*** Begin section ***

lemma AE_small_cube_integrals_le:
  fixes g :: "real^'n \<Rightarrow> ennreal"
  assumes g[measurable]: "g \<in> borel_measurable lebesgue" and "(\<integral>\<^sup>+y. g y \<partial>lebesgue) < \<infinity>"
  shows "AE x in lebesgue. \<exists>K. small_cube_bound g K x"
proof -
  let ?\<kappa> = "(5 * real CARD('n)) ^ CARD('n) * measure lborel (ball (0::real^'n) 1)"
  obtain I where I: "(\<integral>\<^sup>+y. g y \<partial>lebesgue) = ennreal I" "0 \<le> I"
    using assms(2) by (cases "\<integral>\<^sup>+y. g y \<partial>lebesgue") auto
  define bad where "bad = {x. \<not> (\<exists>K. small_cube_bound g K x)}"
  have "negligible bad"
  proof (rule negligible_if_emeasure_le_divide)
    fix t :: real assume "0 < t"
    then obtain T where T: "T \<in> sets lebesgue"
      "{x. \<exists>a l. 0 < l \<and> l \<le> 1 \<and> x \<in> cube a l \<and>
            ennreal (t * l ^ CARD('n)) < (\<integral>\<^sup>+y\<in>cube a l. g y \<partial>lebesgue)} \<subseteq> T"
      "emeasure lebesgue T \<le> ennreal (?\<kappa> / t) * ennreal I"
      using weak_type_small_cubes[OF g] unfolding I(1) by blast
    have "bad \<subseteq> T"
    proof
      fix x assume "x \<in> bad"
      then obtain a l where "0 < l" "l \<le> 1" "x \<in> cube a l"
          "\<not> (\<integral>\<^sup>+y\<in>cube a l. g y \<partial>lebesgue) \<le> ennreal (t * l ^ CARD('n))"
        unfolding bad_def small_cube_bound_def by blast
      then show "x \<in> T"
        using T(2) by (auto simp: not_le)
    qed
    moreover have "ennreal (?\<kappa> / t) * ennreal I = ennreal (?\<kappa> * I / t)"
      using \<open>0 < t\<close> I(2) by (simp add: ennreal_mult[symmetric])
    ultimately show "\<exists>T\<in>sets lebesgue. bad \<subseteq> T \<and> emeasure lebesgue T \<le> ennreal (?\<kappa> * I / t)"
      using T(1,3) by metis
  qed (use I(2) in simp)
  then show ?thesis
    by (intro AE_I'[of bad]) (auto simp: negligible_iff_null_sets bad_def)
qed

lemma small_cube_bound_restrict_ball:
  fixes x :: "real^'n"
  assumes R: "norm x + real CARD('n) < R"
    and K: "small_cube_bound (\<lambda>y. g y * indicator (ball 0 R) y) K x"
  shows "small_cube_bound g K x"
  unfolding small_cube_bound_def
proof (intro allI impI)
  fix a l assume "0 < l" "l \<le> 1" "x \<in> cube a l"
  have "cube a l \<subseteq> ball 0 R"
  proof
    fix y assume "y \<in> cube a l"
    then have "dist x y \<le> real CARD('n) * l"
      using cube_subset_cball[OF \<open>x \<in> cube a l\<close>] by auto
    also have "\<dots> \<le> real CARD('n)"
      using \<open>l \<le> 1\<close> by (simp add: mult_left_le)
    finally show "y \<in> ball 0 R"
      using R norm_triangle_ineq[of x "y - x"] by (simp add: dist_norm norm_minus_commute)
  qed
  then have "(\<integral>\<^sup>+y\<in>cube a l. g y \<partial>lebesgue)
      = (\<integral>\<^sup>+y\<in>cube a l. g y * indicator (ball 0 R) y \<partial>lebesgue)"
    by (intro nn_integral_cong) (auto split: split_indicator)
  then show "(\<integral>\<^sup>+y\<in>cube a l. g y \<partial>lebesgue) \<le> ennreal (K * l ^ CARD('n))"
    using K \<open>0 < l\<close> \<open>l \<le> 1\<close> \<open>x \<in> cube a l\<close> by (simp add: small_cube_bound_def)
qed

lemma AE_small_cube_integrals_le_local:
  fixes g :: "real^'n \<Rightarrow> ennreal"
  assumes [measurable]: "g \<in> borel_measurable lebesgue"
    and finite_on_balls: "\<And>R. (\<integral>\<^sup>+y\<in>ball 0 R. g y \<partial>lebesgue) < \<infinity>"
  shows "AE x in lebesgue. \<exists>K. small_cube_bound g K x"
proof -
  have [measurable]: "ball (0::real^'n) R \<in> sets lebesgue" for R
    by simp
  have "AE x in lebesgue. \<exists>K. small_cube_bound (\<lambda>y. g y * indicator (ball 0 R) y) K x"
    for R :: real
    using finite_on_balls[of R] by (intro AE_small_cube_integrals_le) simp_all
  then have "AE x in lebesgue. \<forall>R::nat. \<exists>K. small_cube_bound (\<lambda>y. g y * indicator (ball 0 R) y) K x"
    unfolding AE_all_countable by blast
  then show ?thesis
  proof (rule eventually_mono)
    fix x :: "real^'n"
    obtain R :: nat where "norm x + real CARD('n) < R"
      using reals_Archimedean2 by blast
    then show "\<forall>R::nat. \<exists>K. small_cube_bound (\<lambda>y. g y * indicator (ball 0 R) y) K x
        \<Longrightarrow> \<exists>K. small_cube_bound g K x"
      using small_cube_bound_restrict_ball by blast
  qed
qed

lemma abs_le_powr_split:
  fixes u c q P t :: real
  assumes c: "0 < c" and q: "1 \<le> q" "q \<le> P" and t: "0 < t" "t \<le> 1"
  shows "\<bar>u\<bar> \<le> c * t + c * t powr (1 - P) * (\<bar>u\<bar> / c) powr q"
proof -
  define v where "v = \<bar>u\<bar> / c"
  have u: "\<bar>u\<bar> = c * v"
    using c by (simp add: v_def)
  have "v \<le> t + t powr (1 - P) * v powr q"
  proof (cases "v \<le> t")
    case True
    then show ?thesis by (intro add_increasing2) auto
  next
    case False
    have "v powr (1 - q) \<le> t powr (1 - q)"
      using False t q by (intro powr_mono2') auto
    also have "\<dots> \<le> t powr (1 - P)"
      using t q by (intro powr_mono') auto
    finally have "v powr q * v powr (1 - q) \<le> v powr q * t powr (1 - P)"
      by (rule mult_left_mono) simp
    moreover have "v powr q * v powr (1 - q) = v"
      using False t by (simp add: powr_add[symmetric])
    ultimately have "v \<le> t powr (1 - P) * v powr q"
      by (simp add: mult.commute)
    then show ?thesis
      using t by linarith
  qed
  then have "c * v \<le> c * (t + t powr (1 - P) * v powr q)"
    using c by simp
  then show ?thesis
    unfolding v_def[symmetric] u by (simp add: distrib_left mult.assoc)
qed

*** End section ***
*** Begin section ***

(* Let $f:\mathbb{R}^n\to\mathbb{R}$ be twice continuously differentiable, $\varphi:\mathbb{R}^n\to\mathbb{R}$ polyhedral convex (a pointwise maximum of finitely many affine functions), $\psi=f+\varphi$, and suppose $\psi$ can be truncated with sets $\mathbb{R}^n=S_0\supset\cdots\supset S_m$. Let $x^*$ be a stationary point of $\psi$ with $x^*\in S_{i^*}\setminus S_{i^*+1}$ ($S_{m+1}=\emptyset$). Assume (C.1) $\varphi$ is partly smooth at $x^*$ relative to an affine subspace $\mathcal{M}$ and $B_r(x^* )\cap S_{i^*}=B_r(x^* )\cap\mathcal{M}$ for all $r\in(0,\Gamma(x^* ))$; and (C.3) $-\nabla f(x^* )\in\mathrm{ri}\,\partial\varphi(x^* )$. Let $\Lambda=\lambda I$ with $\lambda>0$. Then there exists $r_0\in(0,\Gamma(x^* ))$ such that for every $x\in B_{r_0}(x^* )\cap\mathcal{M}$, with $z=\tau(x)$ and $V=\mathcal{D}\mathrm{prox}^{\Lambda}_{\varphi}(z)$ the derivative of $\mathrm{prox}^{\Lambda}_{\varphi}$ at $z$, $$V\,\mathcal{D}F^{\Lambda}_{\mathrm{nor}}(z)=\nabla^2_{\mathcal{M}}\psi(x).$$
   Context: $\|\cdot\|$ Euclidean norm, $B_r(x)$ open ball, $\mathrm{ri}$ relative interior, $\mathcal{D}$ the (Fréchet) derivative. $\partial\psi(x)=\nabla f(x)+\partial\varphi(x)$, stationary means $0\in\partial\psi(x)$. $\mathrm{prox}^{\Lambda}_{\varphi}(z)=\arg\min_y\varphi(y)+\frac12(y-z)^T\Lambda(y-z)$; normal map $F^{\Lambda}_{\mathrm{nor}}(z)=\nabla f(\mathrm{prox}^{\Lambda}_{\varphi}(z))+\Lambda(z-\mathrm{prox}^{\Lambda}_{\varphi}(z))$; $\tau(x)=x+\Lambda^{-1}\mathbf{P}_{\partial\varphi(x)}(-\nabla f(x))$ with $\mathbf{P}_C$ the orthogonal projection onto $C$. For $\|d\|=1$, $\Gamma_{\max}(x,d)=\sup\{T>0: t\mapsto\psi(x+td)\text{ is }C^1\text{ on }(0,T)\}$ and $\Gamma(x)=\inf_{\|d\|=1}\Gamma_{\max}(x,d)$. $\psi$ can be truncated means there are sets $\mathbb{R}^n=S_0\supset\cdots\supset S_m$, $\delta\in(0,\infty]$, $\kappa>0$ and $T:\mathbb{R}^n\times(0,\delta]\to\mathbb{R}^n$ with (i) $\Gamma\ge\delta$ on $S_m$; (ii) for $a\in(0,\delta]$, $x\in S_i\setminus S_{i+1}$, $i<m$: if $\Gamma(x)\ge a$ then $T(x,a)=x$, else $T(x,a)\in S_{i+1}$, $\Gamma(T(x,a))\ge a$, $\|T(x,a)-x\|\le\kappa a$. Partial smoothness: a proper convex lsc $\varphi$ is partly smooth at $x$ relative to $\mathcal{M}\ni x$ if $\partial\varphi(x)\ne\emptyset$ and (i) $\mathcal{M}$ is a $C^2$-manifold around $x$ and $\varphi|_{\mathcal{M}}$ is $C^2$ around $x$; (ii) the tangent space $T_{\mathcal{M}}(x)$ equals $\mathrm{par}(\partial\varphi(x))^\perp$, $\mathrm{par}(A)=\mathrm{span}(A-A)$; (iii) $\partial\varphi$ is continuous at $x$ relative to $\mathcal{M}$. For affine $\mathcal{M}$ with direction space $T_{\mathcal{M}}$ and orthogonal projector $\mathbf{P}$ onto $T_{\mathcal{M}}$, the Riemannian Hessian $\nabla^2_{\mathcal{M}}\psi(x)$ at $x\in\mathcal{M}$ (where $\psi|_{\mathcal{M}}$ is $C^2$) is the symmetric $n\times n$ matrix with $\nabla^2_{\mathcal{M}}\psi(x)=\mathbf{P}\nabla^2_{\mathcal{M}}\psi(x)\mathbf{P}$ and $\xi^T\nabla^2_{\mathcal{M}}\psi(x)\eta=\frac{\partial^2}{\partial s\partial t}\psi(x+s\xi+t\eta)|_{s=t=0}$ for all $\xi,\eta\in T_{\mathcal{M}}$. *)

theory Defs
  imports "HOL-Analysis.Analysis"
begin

*** End section ***

[TASK PROMPT] Starting with the line with "using R norm_triangle_ineq[of" above and going on through the line with "l. g y * indicator", transcribe every line exactly, both ends included, and add nothing.

[PROBLEM SOLUTION]
      using R norm_triangle_ineq[of x "y - x"] by (simp add: dist_norm norm_minus_commute)
  qed
  then have "(\<integral>\<^sup>+y\<in>cube a l. g y \<partial>lebesgue)
      = (\<integral>\<^sup>+y\<in>cube a l. g y * indicator (ball 0 R) y \<partial>lebesgue)"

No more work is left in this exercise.